CRISPR Might Save Corals, Already Affected By Coral Bleaching Due To Marine Climate Change

The solution for saving corals, already on the brink of extinction due to coral bleaching caused by global warming and marine climate change, might come from CRISPR, a DNA sequencing series of operations commonly conducted on bacteria and archaea.

The researchers at the Stanford University have proven that the CRISPR gene-editing operation can be successfully used on corals in order to modify their DNA to give birth to stronger, more resistant, and more adaptable coral breeds.

Coral reefs, affected by coral bleaching, are endangered due to global warming and marine climate change

The continuous heating of the water, during the past years, has threatened and even killed nearly 50% of all the corals living in the shallow waters in the northern parts of the Great Barrier Reef, in Australia, as a result of the continuous coral bleaching process which occurred at a very threatening level, for the first time, in 2016.

Unfortunately, the same is happening with corals all over the planet, including the biggest Japanese corals reef and the Amazonian one.

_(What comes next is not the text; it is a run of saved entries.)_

lemma fourier_coeff_eq_0_imp_eq_0:
  fixes g :: "real \<Rightarrow> real"
  assumes T: "T > 0" and g: "continuous_on UNIV g" "\<forall>x. g (x + T) = g x"
    and coeff: "\<And>k. fourier_coeff T (\<lambda>x. of_real (g x)) k = 0"
  shows "g x = 0"
proof -
  have int: "f integrable_on {0..T}" if "continuous_on UNIV f" for f :: "real \<Rightarrow> real"
    using that by (auto intro: integrable_continuous_interval continuous_on_subset)
  define A where "A = integral {0..T} (\<lambda>x. \<bar>g x\<bar>)"
  have "A \<ge> 0"
    unfolding A_def using g(1) by (intro integral_nonneg int continuous_on_rabs) auto
  have "integral {0..T} (\<lambda>x. (g x)\<^sup>2) \<le> 0"
  proof (rule field_le_epsilon)
    fix e :: real assume "e > 0"
    then have "integral {0..T} (\<lambda>x. (g x)\<^sup>2) \<le> e / (A + 1) * A"
      unfolding A_def using \<open>A \<ge> 0\<close>
      by (intro integral_square_le_of_fourier_coeff_eq_0[OF T g coeff]) (simp add: A_def)
    also have "\<dots> \<le> e" using \<open>A \<ge> 0\<close> \<open>e > 0\<close> by (simp add: field_simps)
    finally show "integral {0..T} (\<lambda>x. (g x)\<^sup>2) \<le> 0 + e" by simp
  qed
  moreover have "integral {0..T} (\<lambda>x. (g x)\<^sup>2) \<ge> 0"
    using g(1) by (intro integral_nonneg int continuous_on_power) auto
  ultimately have "integral {0..T} (\<lambda>x. (g x)\<^sup>2) = 0" by simp
  then have "\<forall>y\<in>{0..T}. (g y)\<^sup>2 = 0"
    using T g(1) by (subst (asm) integral_eq_0_iff) (auto intro: continuous_on_power continuous_on_subset)
  then show ?thesis
    using periodic_eqI[OF T g(2), of "\<lambda>_. 0" 0] by auto
qed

Thus, without help, corals, one of the most important marine ecosystems, will vanish.

CRISPR can be used avoid the total extinction of the corals

Of course, the corals are not the perfect candidates for CRISPR interventions but, definitely, these procedures can be implemented to obtain more resistant corals breeds which will better adapt to the continuous increase in temperature due to global warming.

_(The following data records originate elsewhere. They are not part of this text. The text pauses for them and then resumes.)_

text \<open>Conformal module (H-module (sc, D) = M) over the Lie conformal algebra (L, br),
with action act: act a u n is the coefficient of lambda^n in <a_lambda u>.\<close>
definition conformal_module ::
  "('k::field \<Rightarrow> 'p::ab_group_add \<Rightarrow> 'p) \<Rightarrow> ('p \<Rightarrow> 'p) \<Rightarrow> 'p set \<Rightarrow> ('p \<Rightarrow> 'p \<Rightarrow> nat \<Rightarrow> 'p)
     \<Rightarrow> ('p \<Rightarrow> 'p \<Rightarrow> nat \<Rightarrow> 'p) \<Rightarrow> bool" where
  "conformal_module sc D L br act \<longleftrightarrow>
     H_module sc D \<and>
     (\<forall>a\<in>L. \<forall>u. fin_supp (act a u)) \<and> bilinear_on sc L UNIV act \<and>
     (\<forall>a\<in>L. \<forall>u n. act (D a) u n = - lshift (act a u) n) \<and>
     (\<forall>a\<in>L. \<forall>u n. act a (D u) n = D (act a u n) + lshift (act a u) n) \<and>
     (\<forall>a\<in>L. \<forall>b\<in>L. \<forall>u p q. act a (act b u q) p - act b (act a u p) q = comp_sum sc act br a b u p q)"

end

(* For a, b in P and u in P write <a_lambda u> = [a_lambda u] + lambda (a_lambda u) and expand
   <a_lambda <b_mu u>> - <b_mu <a_lambda u>> into four groups.  The Jacobi identity handles the
   brackets; the Leibniz rule rewrites the two mixed terms, whose leftovers cancel by skew-symmetry;
   the products (a_lambda (b_mu u)) and (b_mu (a_lambda u)) coincide by associativity and
   commutativity.  Both of the last two facts rest on one substitution lemma: in
   ((g_{-d-mu})_{lambda+mu} z) the operator d acts as -lambda-mu, so -d-mu becomes lambda and the
   substitution merely exchanges lambda and mu.  What survives is
   [[a_lambda b]_{lambda+mu} u] + (lambda+mu) ([a_lambda b]_{lambda+mu} u). *)

theory Submission
  imports Defs
begin

definition alt_binomial_conv :: "nat \<Rightarrow> nat \<Rightarrow> nat \<Rightarrow> 'k::comm_ring_1" where
  "alt_binomial_conv n p q =
     (\<Sum>i\<le>q. of_nat ((q - i + p) choose (q - i)) * (-1) ^ i * of_nat (n choose i))"

lemma alt_binomial_conv_Suc_Suc:
  "alt_binomial_conv (Suc n) p (Suc q) = alt_binomial_conv n p (Suc q) - alt_binomial_conv n p q"
  unfolding alt_binomial_conv_def
  by (subst (1 2) sum.atMost_Suc_shift) (simp add: algebra_simps sum.distrib sum_subtractf sum_negf)

lemma alt_binomial_conv_0_right: "alt_binomial_conv n p 0 = 1"
  by (simp add: alt_binomial_conv_def)

lemma alt_binomial_conv_0_left: "alt_binomial_conv 0 p q = of_nat ((p + q) choose q)"
  unfolding alt_binomial_conv_def by (subst sum.atMost_shift) (simp add: add.commute)

text \<open>Both sides are the coefficient of \<open>x^q\<close> in \<open>(1 - x)^n (1 - x)^-(p+1) = (1 - x)^(n-p-1)\<close>.\<close>
lemma alt_binomial_conv_eq:
  "n \<le> p + q \<Longrightarrow>
    alt_binomial_conv n p q = (if n \<le> p then of_nat ((p + q - n) choose q) else (0::'k::comm_ring_1))"
proof (induction n arbitrary: q)
  case 0
  then show ?case by (simp add: alt_binomial_conv_0_left)
next
  case (Suc n)
  show ?case
  proof (cases q)
    case 0
    then show ?thesis using Suc.prems by (simp add: alt_binomial_conv_0_right)
  next
    case (Suc q')
    have "alt_binomial_conv n p (Suc q') = (if n \<le> p then of_nat ((p + Suc q' - n) choose Suc q') else (0::'k))"
      using Suc.prems Suc by (intro Suc.IH) simp
    moreover have "alt_binomial_conv n p q' = (if n \<le> p then of_nat ((p + q' - n) choose q') else (0::'k))"
      using Suc.prems Suc by (intro Suc.IH) simp
    ultimately have rec: "alt_binomial_conv (Suc n) p q =
        (if n \<le> p then of_nat ((p + Suc q' - n) choose Suc q') - of_nat ((p + q' - n) choose q') else (0::'k))"
      using Suc by (simp add: alt_binomial_conv_Suc_Suc)
    show ?thesis
    proof (cases "Suc n \<le> p")
      case True
      then obtain t where "p + q' - n = Suc t" "p + q - Suc n = Suc t"
        using Suc by (intro that[of "p + q' - Suc n"]) auto
      moreover have "p + Suc q' - n = Suc (Suc t)"
        using True \<open>p + q' - n = Suc t\<close> by simp
      ultimately show ?thesis
        using True rec Suc by simp
    next
      case False
      then show ?thesis
        using rec Suc by (cases "n = p") auto
    qed
  qed
qed

lemma alt_binomial_conv_reindexed:
  fixes n p q :: nat
  assumes "n \<le> p + q"
  shows "(\<Sum>j\<le>q. of_nat ((j + p) choose j) * ((-1) ^ (q - j) * of_nat (n choose (q - j))))
       = (if n \<le> p then of_nat ((p + q - n) choose q) else (0::'k::comm_ring_1))"
proof -
  have "(\<Sum>j\<le>q. of_nat ((j + p) choose j) * ((-1) ^ (q - j) * of_nat (n choose (q - j))))
      = (alt_binomial_conv n p q :: 'k)"
    unfolding alt_binomial_conv_def atLeast0AtMost[symmetric]
    by (subst sum.atLeastAtMost_rev) (auto intro!: sum.cong simp: algebra_simps)
  then show ?thesis
    using alt_binomial_conv_eq[OF assms] by simp
qed

lemma lshift_nonzero_iff: "lshift f n \<noteq> 0 \<longleftrightarrow> (\<exists>k. n = Suc k \<and> f k \<noteq> 0)"
  by (cases n) (auto simp: lshift_def)

lemma fin_supp_lshift: "fin_supp f \<Longrightarrow> fin_supp (lshift f)"
proof -
  have "{n. lshift f n \<noteq> 0} = Suc ` {n. f n \<noteq> 0}"
    by (auto simp: lshift_nonzero_iff)
  then show "fin_supp f \<Longrightarrow> fin_supp (lshift f)"
    by (simp add: fin_supp_def)
qed

lemma fin_supp_add:
  fixes f g :: "nat \<Rightarrow> 'p::monoid_add"
  assumes "fin_supp f" "fin_supp g"
  shows "fin_supp (\<lambda>n. f n + g n)"
proof -
  have "{n. f n + g n \<noteq> 0} \<subseteq> {n. f n \<noteq> 0} \<union> {n. g n \<noteq> 0}"
    by auto
  then show ?thesis
    using assms unfolding fin_supp_def by (meson finite_Un finite_subset)
qed

context vector_space
begin

text \<open>Shifting the outer product multiplies by \<open>\<lambda> + \<mu>\<close>, which splits into the two shifted sums.\<close>
lemma comp_sum_lshift:
  "comp_sum scale (\<lambda>x z. lshift (mo x z)) mi x y z p q
   = (if q = 0 then 0 else comp_sum scale mo mi x y z p (q - 1))
   + (if p = 0 then 0 else comp_sum scale mo mi x y z (p - 1) q)"
proof (cases p)
  case 0
  then show ?thesis by (cases q) (auto simp: comp_sum_def lshift_def)
next
  case (Suc p')
  show ?thesis
  proof (cases q)
    case 0
    show ?thesis unfolding Suc 0 comp_sum_def
      by (subst sum.atMost_Suc_shift) (simp add: lshift_def)
  next
    case (Suc q')
    have "comp_sum scale (\<lambda>x z. lshift (mo x z)) mi x y z p q
       = scale 1 (mo (mi x y (Suc p')) z q')
       + (\<Sum>j\<le>p'. scale (of_nat ((Suc j + q') choose Suc j)) (mo (mi x y (p' - j)) z (Suc j + q'))
                 + scale (of_nat ((j + q) choose j)) (mo (mi x y (p' - j)) z (j + q)))"
      unfolding Suc \<open>p = Suc p'\<close> comp_sum_def
      by (subst sum.atMost_Suc_shift) (simp add: lshift_def scale_left_distrib algebra_simps)
    also have "\<dots> = comp_sum scale mo mi x y z p (q - 1) + comp_sum scale mo mi x y z (p - 1) q"
      unfolding Suc \<open>p = Suc p'\<close> comp_sum_def
      by (subst sum.atMost_Suc_shift) (simp add: sum.distrib)
    finally show ?thesis
      using Suc \<open>p = Suc p'\<close> by simp
  qed
qed

lemma comp_sum_add_outer:
  "comp_sum scale (\<lambda>x z n. mo x z n + mo' x z n) mi x y z p q
   = comp_sum scale mo mi x y z p q + comp_sum scale mo' mi x y z p q"
  by (simp add: comp_sum_def scale_right_distrib sum.distrib)

end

Phillip Cleves, supported by his counterparts from the Australian Institute of Marine Science and UT-Austin, managed to obtained corals’ zygotes after a very thorough process involving perfect observation and timing since it is known that corals breeding period only starts in October and November and it’s a process triggered by full Moon.

After successfully acquiring the zygotes, the scientists focused on 3 corals’ genes, namely, the red fluorescent, green fluorescent, and fibroblast growth factor 1a, respectively.

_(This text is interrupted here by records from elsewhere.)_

(* Let $X$ be a complex Banach space. For every $1\leq p\leq\infty$, $d^{\widehat{\mathcal{B}}}_p$ is a Bloch reasonable crossnorm on $\mathrm{lin}(\Gamma(\mathbb{D}))\otimes X$.
   Context: $\mathbb{D}=\{z\in\mathbb{C}:|z|<1\}$. $\widehat{\mathcal{B}}(\mathbb{D},Y)$ (for a complex Banach space $Y$) is the Banach space of holomorphic $f:\mathbb{D}\to Y$ with $f(0)=0$ and $p_{\mathcal{B}}(f)=\sup_{z\in\mathbb{D}}(1-|z|^2)\|f'(z)\|<\infty$, normed by $p_{\mathcal{B}}$; $\widehat{\mathcal{B}}(\mathbb{D})=\widehat{\mathcal{B}}(\mathbb{D},\mathbb{C})$ with closed unit ball $B_{\widehat{\mathcal{B}}(\mathbb{D})}$. For $z\in\mathbb{D}$, $\gamma_z\in\widehat{\mathcal{B}}(\mathbb{D})^*$ is $\gamma_z(g)=g'(z)$ (it has norm $1/(1-|z|^2)$). For $x\in X$, $\gamma_z\otimes x$ is the functional on $\widehat{\mathcal{B}}(\mathbb{D},X^* )$ given by $(\gamma_z\otimes x)(f)=\langle f'(z),x\rangle$, and $\mathrm{lin}(\Gamma(\mathbb{D}))\otimes X$ is the linear span of all $\gamma_z\otimes x$ in $\widehat{\mathcal{B}}(\mathbb{D},X^* )^*$, with elements written $\sum_{i=1}^n\lambda_i\gamma_{z_i}\otimes x_i$. Let $p^*$ be the conjugate index ($1^*=\infty$, $\infty^*=1$, $p^*=p/(p-1)$ otherwise). For $\gamma$ in this space, with infima over all representations $\gamma=\sum_{i=1}^n\lambda_i\gamma_{z_i}\otimes x_i$: $d^{\widehat{\mathcal{B}}}_1(\gamma)=\inf\left(\sup_{g\in B_{\widehat{\mathcal{B}}(\mathbb{D})}}\max_{i}|\lambda_i||g'(z_i)|\right)\left(\sum_i\|x_i\|\right)$; for $1<p<\infty$, $d^{\widehat{\mathcal{B}}}_p(\gamma)=\inf\left(\sup_{g\in B_{\widehat{\mathcal{B}}(\mathbb{D})}}\left(\sum_i|\lambda_i|^{p^*}|g'(z_i)|^{p^*}\right)^{1/p^*}\right)\left(\sum_i\|x_i\|^p\right)^{1/p}$; $d^{\widehat{\mathcal{B}}}_\infty(\gamma)=\inf\left(\sup_{g\in B_{\widehat{\mathcal{B}}(\mathbb{D})}}\sum_i|\lambda_i||g'(z_i)|\right)\left(\max_i\|x_i\|\right)$. A norm $\alpha$ on $\mathrm{lin}(\Gamma(\mathbb{D}))\otimes X$ is a Bloch reasonable crossnorm if (1) $\alpha(\gamma_z\otimes x)\leq\|\gamma_z\|\|x\|$ for all $z\in\mathbb{D}$, $x\in X$, and (2) for every $g\in\widehat{\mathcal{B}}(\mathbb{D})$ and $x^*\in X^*$, the linear functional $g\otimes x^*$ on $\mathrm{lin}(\Gamma(\mathbb{D}))\otimes X$ determined by $(g\otimes x^* )(\gamma_z\otimes x)=g'(z)x^*(x)$ is bounded (with respect to $\alpha$) with norm at most $p_{\mathcal{B}}(g)\|x^*\|$. *)

theory Defs
  imports "HOL-Analysis.Analysis"
begin

class complex_banach = banach +
  fixes scaleC :: "complex \<Rightarrow> 'a \<Rightarrow> 'a"
  assumes scaleC_add_right: "scaleC c (x + y) = scaleC c x + scaleC c y"
      and scaleC_add_left: "scaleC (b + c) x = scaleC b x + scaleC c x"
      and scaleC_scaleC: "scaleC b (scaleC c x) = scaleC (b * c) x"
      and scaleC_one: "scaleC 1 x = x"
      and scaleC_of_real: "scaleC (complex_of_real r) x = r *\<^sub>R x"
      and norm_scaleC: "norm (scaleC c x) = cmod c * norm x"

definition cdual :: "('a::complex_banach \<Rightarrow> complex) set" where
  "cdual = {\<phi>. (\<forall>x y. \<phi> (x + y) = \<phi> x + \<phi> y) \<and>
               (\<forall>c x. \<phi> (scaleC c x) = c * \<phi> x) \<and>
               (\<exists>K. \<forall>x. cmod (\<phi> x) \<le> K * norm x)}"

definition dnorm :: "('a::complex_banach \<Rightarrow> complex) \<Rightarrow> real" where
  "dnorm \<phi> = Sup {cmod (\<phi> x) | x. norm x \<le> 1}"

abbreviation disc :: "complex set" where "disc \<equiv> ball 0 1"

definition has_dual_deriv ::
  "(complex \<Rightarrow> 'a::complex_banach \<Rightarrow> complex) \<Rightarrow> ('a \<Rightarrow> complex) \<Rightarrow> complex \<Rightarrow> bool" where
  "has_dual_deriv F F' z \<longleftrightarrow> F' \<in> cdual \<and>
     ((\<lambda>w. dnorm (\<lambda>x. (F w x - F z x) / (w - z) - F' x)) \<longlongrightarrow> 0) (at z)"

While the first two genes could be only slightly modified, the scientists scored a breakthrough with the 1a growth factor gene. Therefore, Dr. Cleves and his colleagues managed to highly mutated embryos.

The scientists concluded that, with specific mutations in the growth factor 1a gene, they will be able to come up with more resistant and adaptable coral species which will not be harmed by coral bleaching or by the continuous global warming and marine climate change.